Can anyone tell me what this is called? Thanks.

2. Oct 13, 2009

### HallsofIvy

Staff Emeritus
Is $\lambda$ a number here? Then I can't imagine that "shortcut" being much good. It is only possible to find $\lambda$ such that $f"= \lambda f$ and $g"= \lambda g$ when both f and g are linear combinations of $e^{\lamba x}$ and $e^{-\lambda x}$.

Last edited: Oct 14, 2009
3. Oct 13, 2009

### PhantomOort

Yes, both $$\lambda$$ and $$\mu$$ are numbers. Obviously this only works in cases where they exist, such as for exponentials, trig functions, or x. But these make up a great many common integrals, so it's a pretty good shortcut.

4. Oct 14, 2009

### trambolin

It does not seem to be a shortcut but rather like a nice exam question that my professors used to ask. I really liked it. Let me write it again, becaues latex parser went crazy above...
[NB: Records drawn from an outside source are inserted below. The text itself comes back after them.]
(* Let $\mathbb{A}$ be a non-empty set and $\varphi:\mathbb{A}^+\to C$ a finite coloring. Then every periodic word $x=u^\omega$ with $u\in\mathbb{A}^+$ admits a shift invariant $\varphi$-ultra monochromatic factorization.
   Context: $T$ is the shift, $T(x_0x_1\cdots)=x_1x_2\cdots$. A factorization $z=V_0V_1V_2\cdots$ with all $V_i\in\mathbb{A}^+$ is $\varphi$-ultra monochromatic if there is $c\in C$ such that for all $k\ge1$, all $0\le n_1<\cdots<n_k$ and all permutations $\sigma$ of $\{1,\dots,k\}$, $\varphi(V_{n_{\sigma(1)}}\cdots V_{n_{\sigma(k)}})=c$. It is shift invariant if for every positive integer $j$ the induced factorization $T^j(z)=W_0W_1W_2\cdots$ with $|W_i|=|V_i|$ for all $i$ is also $\varphi$-ultra monochromatic (the color may depend on $j$). *)

theory Defs
  imports Main "HOL-Library.Multiset"
begin

text \<open>Infinite words are functions nat => 'a; finite words are lists.
  A^+ is the set of nonempty lists with letters in A.\<close>

definition plus_words :: "'a set \<Rightarrow> 'a list set" where
  "plus_words A = {w. w \<noteq> [] \<and> set w \<subseteq> A}"

definition shift :: "nat \<Rightarrow> (nat \<Rightarrow> 'a) \<Rightarrow> (nat \<Rightarrow> 'a)" where
  "shift j z = (\<lambda>n. z (n + j))"

definition omega_pow :: "'a list \<Rightarrow> (nat \<Rightarrow> 'a)" where
  "omega_pow u = (\<lambda>n. u ! (n mod length u))"

definition starts :: "(nat \<Rightarrow> 'a list) \<Rightarrow> nat \<Rightarrow> nat" where
  "starts V i = (\<Sum>m<i. length (V m))"

definition is_factorization :: "'a set \<Rightarrow> (nat \<Rightarrow> 'a) \<Rightarrow> (nat \<Rightarrow> 'a list) \<Rightarrow> bool" where
  "is_factorization A z V \<longleftrightarrow>
     (\<forall>i. V i \<in> plus_words A) \<and>
     (\<forall>i k. k < length (V i) \<longrightarrow> z (starts V i + k) = V i ! k)"

text \<open>phi-ultra monochromatic: a colour c in C such that for all k >= 1, all
  n_1 < ... < n_k and all permutations, phi(V_{n_sigma(1)} ... V_{n_sigma(k)}) = c.
  Here ns = [n_1,...,n_k] and the permuted index lists are the lists ms with mset ms = mset ns.\<close>
definition ultra_mono :: "('a list \<Rightarrow> 'c) \<Rightarrow> 'c set \<Rightarrow> (nat \<Rightarrow> 'a list) \<Rightarrow> bool" where
  "ultra_mono \<phi> C V \<longleftrightarrow>
     (\<exists>c\<in>C. \<forall>ns. ns \<noteq> [] \<longrightarrow> sorted_wrt (<) ns \<longrightarrow>
        (\<forall>ms. mset ms = mset ns \<longrightarrow> \<phi> (concat (map V ms)) = c))"

definition induced_fact :: "(nat \<Rightarrow> 'a list) \<Rightarrow> nat \<Rightarrow> (nat \<Rightarrow> 'a) \<Rightarrow> (nat \<Rightarrow> 'a list)" where
  "induced_fact V j z = (\<lambda>i. map (\<lambda>k. shift j z (starts V i + k)) [0..<length (V i)])"

definition shift_invariant :: "('a list \<Rightarrow> 'c) \<Rightarrow> 'c set \<Rightarrow> (nat \<Rightarrow> 'a) \<Rightarrow> (nat \<Rightarrow> 'a list) \<Rightarrow> bool" where
  "shift_invariant \<phi> C z V \<longleftrightarrow> (\<forall>j\<ge>1. ultra_mono \<phi> C (induced_fact V j z))"

end

theory Submission
  imports Defs
begin

text \<open>Colour every exponent \<open>n\<close> by the tuple of colours \<open>\<phi>((rotate r u)\<^sup>n)\<close>, \<open>r < |u|\<close>;
  there are only finitely many colours. Hindman's theorem gives exponents \<open>x\<^sub>i \<ge> 1\<close> all of whose
  finite sums have the same colour, and we take \<open>V\<^sub>i = u\<^bsup>x\<^sub>i\<^esup>\<close>. A product of distinct blocks in any order
  is \<open>u\<close> raised to the sum of their exponents, and shifting \<open>u\<^sup>\<omega>\<close> by \<open>j\<close> turns every block into
  \<open>(rotate j u)\<^bsup>x\<^sub>i\<^esup>\<close>, so all induced factorizations are ultra monochromatic.

  Hindman's theorem is proved following Galvin and Glazer: by the Ellis-Numakura lemma the
  compact semigroup of free ultrafilters on \<open>\<nat>\<close> contains an idempotent \<open>p = p + p\<close>, and every
  member of \<open>p\<close> contains all finite sums of some sequence.\<close>

section \<open>Ultrafilters\<close>

definition ultrafilter :: "'a set set \<Rightarrow> bool" where
  "ultrafilter U \<longleftrightarrow> UNIV \<in> U \<and> {} \<notin> U \<and> (\<forall>A B. A \<in> U \<longrightarrow> A \<subseteq> B \<longrightarrow> B \<in> U)
     \<and> (\<forall>A B. A \<in> U \<longrightarrow> B \<in> U \<longrightarrow> A \<inter> B \<in> U) \<and> (\<forall>A. A \<in> U \<or> - A \<in> U)"

definition finite_intersection_property :: "'a set set \<Rightarrow> bool" where
  "finite_intersection_property G \<longleftrightarrow> (\<forall>H. finite H \<longrightarrow> H \<subseteq> G \<longrightarrow> \<Inter>H \<noteq> {})"

lemma ultrafilterD:
  assumes "ultrafilter U"
  shows ultrafilter_UNIV: "UNIV \<in> U"
    and ultrafilter_empty: "{} \<notin> U"
    and ultrafilter_mono: "A \<in> U \<Longrightarrow> A \<subseteq> B \<Longrightarrow> B \<in> U"
    and ultrafilter_Int: "A \<in> U \<Longrightarrow> B \<in> U \<Longrightarrow> A \<inter> B \<in> U"
    and ultrafilter_or_Compl: "A \<in> U \<or> - A \<in> U"
  using assms unfolding ultrafilter_def by blast+

lemma ultrafilter_Compl_iff:
  assumes "ultrafilter U"
  shows "- A \<in> U \<longleftrightarrow> A \<notin> U"
proof
  assume "- A \<in> U"
  then show "A \<notin> U"
    using ultrafilter_Int[OF assms, of A "- A"] ultrafilter_empty[OF assms] by auto
qed (use ultrafilter_or_Compl[OF assms] in blast)

lemma ultrafilter_Int_iff: "ultrafilter U \<Longrightarrow> A \<inter> B \<in> U \<longleftrightarrow> A \<in> U \<and> B \<in> U"
  using ultrafilterD[of U] by (meson Int_lower1 Int_lower2)

lemma ultrafilter_Inter:
  assumes "ultrafilter U" "finite H" "H \<subseteq> U"
  shows "\<Inter>H \<in> U"
  using assms(2,3)
proof (induction H rule: finite_induct)
  case empty
  show ?case using ultrafilter_UNIV[OF assms(1)] by simp
next
  case (insert A H)
  then show ?case using ultrafilter_Int[OF assms(1)] by simp
qed

lemma ultrafilter_nonempty_Inter:
  "ultrafilter U \<Longrightarrow> finite H \<Longrightarrow> H \<subseteq> U \<Longrightarrow> \<Inter>H \<noteq> {}"
  using ultrafilter_Inter ultrafilter_empty by fastforce

lemma ultrafilter_finite_cover:
  assumes "ultrafilter U" "finite V" "\<Union>V = UNIV"
  shows "\<exists>A\<in>V. A \<in> U"
proof (rule ccontr)
  assume "\<not> (\<exists>A\<in>V. A \<in> U)"
  then have "uminus ` V \<subseteq> U"
    using ultrafilter_Compl_iff[OF assms(1)] by blast
  moreover have "finite (uminus ` V)"
    using assms(2) by simp
  moreover have "\<Inter>(uminus ` V) = {}"
    using assms(3) by blast
  ultimately show False
    using ultrafilter_nonempty_Inter[OF assms(1)] by metis
qed

lemma ultrafilter_subset_imp_eq:
  assumes "ultrafilter U" "ultrafilter V" "U \<subseteq> V"
  shows "U = V"
proof (rule subset_antisym[OF assms(3)], rule subsetI)
  fix A assume "A \<in> V"
  then have "- A \<notin> U"
    using assms(3) ultrafilter_Compl_iff[OF assms(2), of A] by blast
  then show "A \<in> U"
    using ultrafilter_Compl_iff[OF assms(1)] by blast
qed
$$fg = (\lambda -\mu)\frac{fg}{\lambda -\mu} = \frac{f''g-fg''}{\lambda - \mu} = \frac{f''g-fg''+f'g' - f'g'}{\lambda - \mu} = \frac{(f'g)' -(fg')'}{\lambda - \mu}$$

Integration gives the result...

5. Oct 14, 2009

### HallsofIvy

Staff Emeritus
It would seem to me that integrals of the form $\int(Ae^{\lambda x}+ Be^{-\lamba x})(Ce^{\lambda x}+ De^{-\lambda x}) dx$$= \int (ACe^{2\lambda x}+ BDe^{-2\lambda x}+ (BC+ AD))dx$ could be done directly without worrying about integration by parts.

6. Oct 14, 2009

### PhantomOort

Damn, I could have done that! I need to stop being so lazy.

Thanks.

7. Oct 14, 2009

### PhantomOort

It's for integrals like $\int x sin(x) dx$, which are usually done by parts. Not that this is super hard, but with the shortcut, $$\lambda=0, \mu = -1$$, and the result is $$sin(x)-xcos(x)$$ and we're done.

PS, my apologies to any readers put off by the formatting. I'm utterly unfamiliar with this tex style and working through it as I go.